* [Task to complete]: Copy, exactly and without additions, every line in the records below from the one holding "m) \<le> sqrt" through the one holding "using assms that", both ends included.

<<<<

lemma fourier_series_mult_phiK:
  assumes g: "g \<in> wiener_space \<alpha> \<gamma>" and K: "finite K" and y: "y \<in> unit_cube"
  shows "g y * phiK K N c x y = (\<Sum>\<^sub>\<infinity>m. (\<Sum>k\<in>K. phi_check N c x k * fcoeff g (k + m)) * omega m y)"
proof -
  define F where "F h = fcoeff g h * omega h y" for h
  have F: "F summable_on UNIV"
    unfolding F_def using wiener_space_summable_fourier[OF g] by (rule abs_summable_summable)
  have shift: "fcoeff g (k + m) * omega m y = F (k + m) * cnj (omega k y)" for k m
  proof -
    have "omega (k + m) y * cnj (omega k y) = omega m y"
      by (simp add: cnj_omega flip: omega_add)
    then show ?thesis
      by (simp add: F_def mult.assoc)
  qed
  have summable: "(\<lambda>m. phi_check N c x k * (fcoeff g (k + m) * omega m y)) summable_on UNIV" for k
    unfolding shift using F
    by (intro summable_on_cmult_right summable_on_cmult_left) (simp add: summable_on_shift_iff)
  have "(\<Sum>\<^sub>\<infinity>m. (\<Sum>k\<in>K. phi_check N c x k * fcoeff g (k + m)) * omega m y)
      = (\<Sum>\<^sub>\<infinity>m. \<Sum>k\<in>K. phi_check N c x k * (fcoeff g (k + m) * omega m y))"
    by (simp add: sum_distrib_right mult.assoc)
  also have "\<dots> = (\<Sum>k\<in>K. phi_check N c x k * (\<Sum>\<^sub>\<infinity>m. F (k + m)) * cnj (omega k y))"
    using K summable by (simp add: infsum_sum infsum_cmult_right' infsum_cmult_left' shift mult.assoc)
  also have "\<dots> = g y * phiK K N c x y"
    unfolding infsum_shift unfolding F_def wiener_space_fourier_series[OF g y, symmetric] phiK_def
    by (simp add: sum_distrib_left algebra_simps)
  finally show ?thesis ..
qed

lemma weighted_fcoeff_mult_phiK_le:
  assumes "0 \<le> \<beta>" "0 \<le> s" "2 * \<beta> = 2 * \<alpha> - s" "\<forall>j. 0 < \<gamma> j \<and> \<gamma> j \<le> 1"
    and K: "K \<subseteq> hyp_cross \<alpha> \<nu> \<gamma>"
  shows "sqrt (rw \<beta> \<gamma> m) * cmod (\<Sum>k\<in>K. phi_check N c x k * fcoeff g (k + m))
    \<le> mu_bar N c * c_const \<alpha> \<gamma> * sqrt \<nu>
       * (\<Sum>k\<in>K. sqrt (decay s k) * (sqrt (rw \<alpha> \<gamma> (k + m)) * cmod (fcoeff g (k + m))))"
proof -
  have term_le: "sqrt (rw \<beta> \<gamma> m) * cmod (fcoeff g (k + m))
      \<le> c_const \<alpha> \<gamma> * sqrt \<nu> * (sqrt (decay s k) * (sqrt (rw \<alpha> \<gamma> (k + m)) * cmod (fcoeff g (k + m))))"
    if "k \<in> K" for k
  proof -
    have "sqrt (rw \<beta> \<gamma> m) \<le> sqrt ((c_const \<alpha> \<gamma>)\<^sup>2 * \<nu> * decay s k * rw \<alpha> \<gamma> (k + m))"
      using assms that by (intro real_sqrt_le_mono rw_le_shift) auto
    also have "\<dots> = c_const \<alpha> \<gamma> * sqrt \<nu> * sqrt (decay s k) * sqrt (rw \<alpha> \<gamma> (k + m))"
      by (simp add: real_sqrt_mult c_const_nonneg)
    finally have "sqrt (rw \<beta> \<gamma> m)
        \<le> c_const \<alpha> \<gamma> * sqrt \<nu> * sqrt (decay s k) * sqrt (rw \<alpha> \<gamma> (k + m))" .
    from mult_right_mono[OF this norm_ge_zero[of "fcoeff g (k + m)"]] show ?thesis
      by (simp add: mult.assoc)
  qed
  have "sqrt (rw \<beta> \<gamma> m) * cmod (\<Sum>k\<in>K. phi_check N c x k * fcoeff g (k + m))
      \<le> sqrt (rw \<beta> \<gamma> m) * (\<Sum>k\<in>K. mu_bar N c * cmod (fcoeff g (k + m)))"
  proof (rule mult_left_mono)
    show "cmod (\<Sum>k\<in>K. phi_check N c x k * fcoeff g (k + m)) \<le> (\<Sum>k\<in>K. mu_bar N c * cmod (fcoeff g (k + m)))"
      by (rule order_trans[OF norm_sum sum_mono])
        (simp add: norm_mult mult_right_mono norm_phi_check_le)
  qed simp
  also have "\<dots> = mu_bar N c * (\<Sum>k\<in>K. sqrt (rw \<beta> \<gamma> m) * cmod (fcoeff g (k + m)))"
    by (simp add: sum_distrib_left algebra_simps)
  also have "\<dots> \<le> mu_bar N c * (\<Sum>k\<in>K. c_const \<alpha> \<gamma> * sqrt \<nu>
      * (sqrt (decay s k) * (sqrt (rw \<alpha> \<gamma> (k + m)) * cmod (fcoeff g (k + m)))))"
    using term_le by (intro mult_left_mono sum_mono mu_bar_nonneg)
  finally show ?thesis
    by (simp add: sum_distrib_left mult.assoc)
qed

lemma korobov_sum_mult_phiK_le:
  fixes K :: "(int^'n::finite) set"
  assumes g: "g \<in> wiener_space \<alpha> \<gamma>" and "0 < \<delta>" "0 \<le> \<beta>" "2 * \<beta> = 2 * \<alpha> - (1 + 2 * \<delta>)"
    and "\<forall>j. 0 < \<gamma> j \<and> \<gamma> j \<le> 1" and K: "K \<subseteq> hyp_cross \<alpha> \<nu> \<gamma>" "finite K"
  shows "(\<lambda>m. rw \<beta> \<gamma> m * (cmod (fcoeff (\<lambda>y. g y * phiK K N c x y) m))\<^sup>2) summable_on UNIV"
    and "(\<Sum>\<^sub>\<infinity>m. rw \<beta> \<gamma> m * (cmod (fcoeff (\<lambda>y. g y * phiK K N c x y) m))\<^sup>2)
      \<le> (mu_bar N c * c_const \<alpha> \<gamma> * sqrt \<nu> * wiener_norm \<alpha> \<gamma> g * zeta_const \<delta> CARD('n))\<^sup>2"
proof -
  let ?f = "\<lambda>y. g y * phiK K N c x y"
  define s where "s = 1 + 2 * \<delta>"
  define A where "A = mu_bar N c * c_const \<alpha> \<gamma> * sqrt \<nu>"
  define b where "b h = sqrt (rw \<alpha> \<gamma> h) * cmod (fcoeff g h)" for h
  define S where "S m = (\<Sum>k\<in>K. sqrt (decay s k) * b (k + m))" for m
  have b: "b summable_on UNIV"
    using wiener_space_summable[OF g] by (simp add: b_def[abs_def])
  have pointwise: "rw \<beta> \<gamma> m * (cmod (fcoeff ?f m))\<^sup>2 \<le> A\<^sup>2 * (S m)\<^sup>2" for m
  proof -
    have "sqrt (rw \<beta> \<gamma> m) * cmod (fcoeff ?f m) \<le> A * S m"
      unfolding fcoeff_mult_phiK[OF wiener_space_abs_integrable[OF g] K(2)] A_def S_def b_def
      using assms \<open>0 < \<delta>\<close> by (intro weighted_fcoeff_mult_phiK_le) (auto simp: s_def)
    then have "(sqrt (rw \<beta> \<gamma> m) * cmod (fcoeff ?f m))\<^sup>2 \<le> (A * S m)\<^sup>2"
      by (intro power_mono) auto
    then show ?thesis
      by (simp add: power_mult_distrib)
  qed
  have b_nonneg: "0 \<le> b h" for h
    by (simp add: b_def)
  note S_square = shifted_sum_square_le[where w = "decay s", OF K(2) b b_nonneg decay_nonneg, folded S_def]
  have S_square_summable: "(\<lambda>m. A\<^sup>2 * (S m)\<^sup>2) summable_on UNIV"
    using S_square(1) b_def by (intro summable_on_cmult_right) auto
  show summable: "(\<lambda>m. rw \<beta> \<gamma> m * (cmod (fcoeff ?f m))\<^sup>2) summable_on UNIV"
    by (rule summable_on_comparison_test[OF S_square_summable pointwise]) simp
  have "(\<Sum>\<^sub>\<infinity>m. rw \<beta> \<gamma> m * (cmod (fcoeff ?f m))\<^sup>2) \<le> (\<Sum>\<^sub>\<infinity>m. A\<^sup>2 * (S m)\<^sup>2)"
    by (rule infsum_mono[OF summable S_square_summable pointwise])
  also have "\<dots> \<le> A\<^sup>2 * (sum (decay s) K * (wiener_norm \<alpha> \<gamma> g)\<^sup>2)"
    unfolding infsum_cmult_right' wiener_norm_def
    using S_square(2) b_def by (intro mult_left_mono) auto
  also have "\<dots> \<le> A\<^sup>2 * ((zeta_const \<delta> CARD('n))\<^sup>2 * (wiener_norm \<alpha> \<gamma> g)\<^sup>2)"
    unfolding zeta_const_square[OF \<open>0 < \<delta>\<close>]
    using sum_decay_le[of s K] \<open>0 < \<delta>\<close> K(2) by (intro mult_left_mono mult_right_mono) (auto simp: s_def)
  finally show "(\<Sum>\<^sub>\<infinity>m. rw \<beta> \<gamma> m * (cmod (fcoeff ?f m))\<^sup>2)
      \<le> (mu_bar N c * c_const \<alpha> \<gamma> * sqrt \<nu> * wiener_norm \<alpha> \<gamma> g * zeta_const \<delta> CARD('n))\<^sup>2"
    by (simp add: A_def power_mult_distrib mult_ac)
qed

lemma mult_phiK_in_korobov_space:
  fixes K :: "(int^'n::finite) set"
  assumes g: "g \<in> wiener_space \<alpha> \<gamma>" and "0 < \<delta>" "0 \<le> \<beta>" "2 * \<beta> = 2 * \<alpha> - (1 + 2 * \<delta>)"
    and "\<forall>j. 0 < \<gamma> j \<and> \<gamma> j \<le> 1" and K: "K \<subseteq> hyp_cross \<alpha> \<nu> \<gamma>" "finite K" and "0 \<le> \<nu>"
  shows "(\<lambda>y. g y * phiK K N c x y) \<in> korobov_space \<beta> \<gamma>"
    and "korobov_norm \<beta> \<gamma> (\<lambda>y. g y * phiK K N c x y)
      \<le> mu_bar N c * c_const \<alpha> \<gamma> * sqrt \<nu> * wiener_norm \<alpha> \<gamma> g * zeta_const \<delta> CARD('n)"
proof -
  let ?f = "\<lambda>y. g y * phiK K N c x y"
  let ?R = "mu_bar N c * c_const \<alpha> \<gamma> * sqrt \<nu> * wiener_norm \<alpha> \<gamma> g * zeta_const \<delta> CARD('n)"
  note coeff_sum = korobov_sum_mult_phiK_le[OF assms(1-7), of N c x]
  have "bounded (phiK K N c x ` unit_cube)"
    unfolding bounded_iff using norm_phiK_le by blast
  then have abs_int: "?f absolutely_integrable_on unit_cube"
    by (intro absolutely_integrable_mult_bounded_continuous wiener_space_abs_integrable[OF g]
        continuous_on_phiK) auto
  have "norm (?f y) \<le> (\<Sum>\<^sub>\<infinity>k. cmod (fcoeff g k)) * (\<Sum>k\<in>K. norm (phi_check N c x k))"
    if "y \<in> unit_cube" for y
    unfolding norm_mult using norm_wiener_space_le[OF g that] norm_phiK_le
    by (intro mult_mono) (auto intro: infsum_nonneg)
  then have square_int: "(\<lambda>y. (cmod (?f y))\<^sup>2) integrable_on unit_cube"
    using abs_int by (intro integrable_square_norm_bounded) auto
  show "?f \<in> korobov_space \<beta> \<gamma>"
    unfolding korobov_space_def
    using abs_int square_int coeff_sum(1)
      fourier_series_mult_phiK[OF g K(2)] fcoeff_mult_phiK[OF wiener_space_abs_integrable[OF g] K(2)]
    by simp
  have "0 \<le> ?R"
    using \<open>0 \<le> \<nu>\<close> by (simp add: mu_bar_nonneg c_const_nonneg wiener_norm_nonneg zeta_const_def)
  then show "korobov_norm \<beta> \<gamma> ?f \<le> ?R"
    unfolding korobov_norm_def using real_sqrt_le_mono[OF coeff_sum(2)] by simp
qed

lemma korobov_space_cmult:
  assumes f: "f \<in> korobov_space \<beta> \<gamma>"
  shows "(\<lambda>y. complex_of_real a * f y) \<in> korobov_space \<beta> \<gamma>"
proof -
  have "(\<lambda>y. f y * complex_of_real a) absolutely_integrable_on unit_cube"
    using f by (intro absolutely_integrable_mult_bounded_continuous)
      (auto simp: korobov_space_def image_constant_conv)
  moreover have "(\<lambda>y. a\<^sup>2 * (cmod (f y))\<^sup>2) integrable_on unit_cube"
    using f by (intro integrable_on_mult_right) (simp add: korobov_space_def)
  moreover have "(\<lambda>k. a\<^sup>2 * (rw \<beta> \<gamma> k * (cmod (fcoeff f k))\<^sup>2)) summable_on UNIV"
    using f by (intro summable_on_cmult_right) (simp add: korobov_space_def)
  ultimately show ?thesis
    using f by (auto simp: korobov_space_def fcoeff_cmult norm_mult power_mult_distrib
        infsum_cmult_right' mult.commute mult.left_commute)
qed

lemma korobov_norm_cmult:
  "korobov_norm \<beta> \<gamma> (\<lambda>y. complex_of_real a * f y) = \<bar>a\<bar> * korobov_norm \<beta> \<gamma> f"
proof -
  have coeff: "rw \<beta> \<gamma> k * (cmod (fcoeff (\<lambda>y. complex_of_real a * f y) k))\<^sup>2
      = a\<^sup>2 * (rw \<beta> \<gamma> k * (cmod (fcoeff f k))\<^sup>2)" for k
    by (simp add: fcoeff_cmult norm_mult power_mult_distrib)
  show ?thesis
    unfolding korobov_norm_def coeff infsum_cmult_right' real_sqrt_mult by simp
qed

lemma korobov_norm_nonneg: "0 \<le> korobov_norm \<beta> \<gamma> f"
  unfolding korobov_norm_def by (simp add: infsum_nonneg)

lemma quadrature_error_le_wce_pos:
  assumes f: "f \<in> korobov_space \<beta> \<gamma>" and r: "0 < r" "korobov_norm \<beta> \<gamma> f \<le> r"
    and W: "wce \<beta> \<gamma> L z \<le> ereal W"
  shows "cmod (integral unit_cube f - (1 / of_nat L) * (\<Sum>l<L. f (z l))) \<le> r * W"
proof -
  define E where "E h = cmod (integral unit_cube h - (1 / of_nat L) * (\<Sum>l<L. h (z l)))" for h
  define h where "h = (\<lambda>y. complex_of_real (1 / r) * f y)"
  have "h \<in> korobov_space \<beta> \<gamma>"
    unfolding h_def by (rule korobov_space_cmult[OF f])
  moreover have "korobov_norm \<beta> \<gamma> h \<le> 1"
    unfolding h_def korobov_norm_cmult using r by (simp add: divide_le_eq)
  ultimately have "ereal (E h) \<le> wce \<beta> \<gamma> L z"
    unfolding wce_def E_def by (intro SUP_upper) auto
  then have "E h \<le> W"
    using W by (metis ereal_less_eq(3) order_trans)
  moreover have "integral unit_cube h - (1 / of_nat L) * (\<Sum>l<L. h (z l))
      = (integral unit_cube f - (1 / of_nat L) * (\<Sum>l<L. f (z l))) / complex_of_real r"
    unfolding h_def by (simp add: sum_divide_distrib[symmetric] diff_divide_distrib)
  then have "E h = E f / r"
    using r by (simp add: E_def norm_divide)
  ultimately show ?thesis
    using r by (simp add: E_def divide_le_eq mult.commute)
qed

text \<open>Normalising \<open>f\<close> needs \<open>r > 0\<close>; letting \<open>r\<close> decrease to \<open>R\<close> also covers \<open>R = 0\<close>.\<close>

lemma quadrature_error_le_wce:
  assumes f: "f \<in> korobov_space \<beta> \<gamma>" and R: "korobov_norm \<beta> \<gamma> f \<le> R"
    and W: "wce \<beta> \<gamma> L z \<le> ereal W"
  shows "cmod (integral unit_cube f - (1 / of_nat L) * (\<Sum>l<L. f (z l))) \<le> R * W"
proof (rule field_le_epsilon)
  fix e :: real
  assume "0 < e"
  define r where "r = R + e / (\<bar>W\<bar> + 1)"
  have "0 \<le> R"
    using R korobov_norm_nonneg order_trans by blast
  moreover have "0 < e / (\<bar>W\<bar> + 1)"
    using \<open>0 < e\<close> by simp
  ultimately have "cmod (integral unit_cube f - (1 / of_nat L) * (\<Sum>l<L. f (z l))) \<le> r * W"
    using R by (intro quadrature_error_le_wce_pos[OF f _ _ W]) (auto simp: r_def)
  also have "\<dots> = R * W + e * (W / (\<bar>W\<bar> + 1))"
    by (simp add: r_def algebra_simps)
  also have "\<dots> \<le> R * W + e"
    using \<open>0 < e\<close> by (intro add_left_mono mult_left_le) (auto simp: divide_le_eq)
  finally show "cmod (integral unit_cube f - (1 / of_nat L) * (\<Sum>l<L. f (z l))) \<le> R * W + e" .
qed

>>>>

* [Task answer]:
    have "sqrt (rw \<beta> \<gamma> m) \<le> sqrt ((c_const \<alpha> \<gamma>)\<^sup>2 * \<nu> * decay s k * rw \<alpha> \<gamma> (k + m))"
      using assms that by (intro real_sqrt_le_mono rw_le_shift) auto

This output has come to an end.